Repeat the lines of the material below exactly, beginning at the one with "by (auto simp: decode_fst_def coded_def" and stopping after the last.

═══ MATERIAL FOR THE TASK ═══

lemma openin_dominating_top_contains_hset:
  assumes "openin dominating_top U" "x \<in> U"
  obtains p where "x \<in> hset p" "hset p \<subseteq> U"
proof -
  have "generate_topology_on {dom_basic N f | N f. True} U"
    using assms(1) unfolding dominating_top_def openin_topology_generated_by_iff .
  then have "\<exists>p. x \<in> hset p \<and> hset p \<subseteq> U"
    using assms(2)
  proof (induction arbitrary: x)
    case (Int a b)
    then obtain p p' where p: "x \<in> hset p" "hset p \<subseteq> a" and p': "x \<in> hset p'" "hset p' \<subseteq> b"
      by blast
    obtain q where "x \<in> hset q" "q \<preceq> p" "q \<preceq> p'"
      using hset_Int[OF p(1) p'(1)] .
    then show ?case using p(2) p'(2) hset_mono by blast
  next
    case (Basis s)
    then show ?case unfolding hset_def by force
  next
    case (UN K)
    then show ?case by blast
  qed simp
  then show ?thesis using that by blast
qed

lemma nowhere_dense_in_dominating_top_avoid:
  assumes "nowhere_dense_in dominating_top E"
  obtains q where "q \<preceq> p" "hset q \<inter> E = {}"
proof -
  let ?C = "dominating_top closure_of E"
  have "\<not> hset p \<subseteq> ?C"
  proof
    assume "hset p \<subseteq> ?C"
    then have "hset p \<subseteq> dominating_top interior_of ?C"
      by (rule interior_of_maximal[OF _ openin_dominating_top_hset])
    then show False using assms snd_in_hset[of p] unfolding nowhere_dense_in_def by blast
  qed
  then obtain z where z: "z \<in> hset p - ?C" by blast
  have "openin dominating_top (hset p - ?C)"
    by (intro openin_diff openin_dominating_top_hset closedin_closure_of)
  then obtain p' where p': "z \<in> hset p'" "hset p' \<subseteq> hset p - ?C"
    using openin_dominating_top_contains_hset z by blast
  obtain q where "q \<preceq> p" "q \<preceq> p'"
    using hset_Int z p'(1) by blast
  moreover have "E \<subseteq> ?C"
    by (rule closure_of_subset) simp
  ultimately show ?thesis using that p'(2) hset_mono by blast
qed

lemma hechler_chain_limit:
  fixes c :: "nat \<Rightarrow> hechler"
  assumes chain: "\<And>n m. n \<le> m \<Longrightarrow> c m \<preceq> c n" and unbounded: "\<And>i. \<exists>n. i < fst (c n)"
  obtains x where "\<And>n. x \<in> hset (c n)"
proof
  define s where "s i = (SOME n. i < fst (c n))" for i
  have s: "i < fst (c (s i))" for i
    unfolding s_def using someI_ex[OF unbounded] .
  define x where "x i = snd (c (s i)) i" for i
  have "(i < fst (c n) \<longrightarrow> x i = snd (c n) i) \<and> snd (c n) i \<le> x i" for n i
  proof (cases "n \<le> s i")
    case True
    then show ?thesis using chain[of n "s i"] unfolding hechler_le_def x_def by auto
  next
    case False
    then show ?thesis using chain[of "s i" n] s[of i] unfolding hechler_le_def x_def by auto
  qed
  then show "x \<in> hset (c n)" for n
    by (auto simp: hset_def dom_basic_def)
qed

definition decode_fst :: "baire \<Rightarrow> baire" where
  "decode_fst x = (\<lambda>i. fst (prod_decode (x i)))"

definition coded :: "hechler \<Rightarrow> baire set" where
  "coded p = cyl (decode_fst (snd p)) (fst p)"

lemma coded_eq_cyl: "y \<in> coded p \<Longrightarrow> coded p = cyl y (fst p)"
  unfolding coded_def cyl_def by auto

lemma continuous_map_decode_fst: "continuous_map baire_top baire_top decode_fst"
  unfolding baire_top_def continuous_map_componentwise_UNIV
proof
  fix k :: nat
  have "continuous_map (product_topology (\<lambda>_. discrete_topology UNIV) UNIV)
          (discrete_topology UNIV) ((\<lambda>d. fst (prod_decode d)) \<circ> (\<lambda>x. x k))"
    by (rule continuous_map_compose[OF continuous_map_product_projection]) auto
  then show "continuous_map (product_topology (\<lambda>_. discrete_topology UNIV) UNIV)
          (discrete_topology UNIV) (\<lambda>x. decode_fst x k)"
    by (simp add: decode_fst_def o_def)
qed

lemma decode_fst_hset: "decode_fst ` hset p = coded p"
proof
  show "decode_fst ` hset p \<subseteq> coded p"
    by (auto simp: decode_fst_def coded_def cyl_def hset_def dom_basic_def)
  show "coded p \<subseteq> decode_fst ` hset p"
  proof
    fix y assume y: "y \<in> coded p"
    define x where "x i = (if i < fst p then snd p i else prod_encode (y i, snd p i))" for i
    have "x \<in> hset p"
      by (auto simp: x_def hset_def dom_basic_def le_prod_encode_2)
    moreover have "decode_fst x = y"
      using y by (auto simp: decode_fst_def x_def coded_def cyl_def)
    ultimately show "y \<in> decode_fst ` hset p" by blast
  qed
qed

═══

PROBLEM SOLUTION:
    by (auto simp: decode_fst_def coded_def cyl_def hset_def dom_basic_def)
  show "coded p \<subseteq> decode_fst ` hset p"
  proof
    fix y assume y: "y \<in> coded p"
    define x where "x i = (if i < fst p then snd p i else prod_encode (y i, snd p i))" for i
    have "x \<in> hset p"
      by (auto simp: x_def hset_def dom_basic_def le_prod_encode_2)
    moreover have "decode_fst x = y"
      using y by (auto simp: decode_fst_def x_def coded_def cyl_def)
    ultimately show "y \<in> decode_fst ` hset p" by blast
  qed
qed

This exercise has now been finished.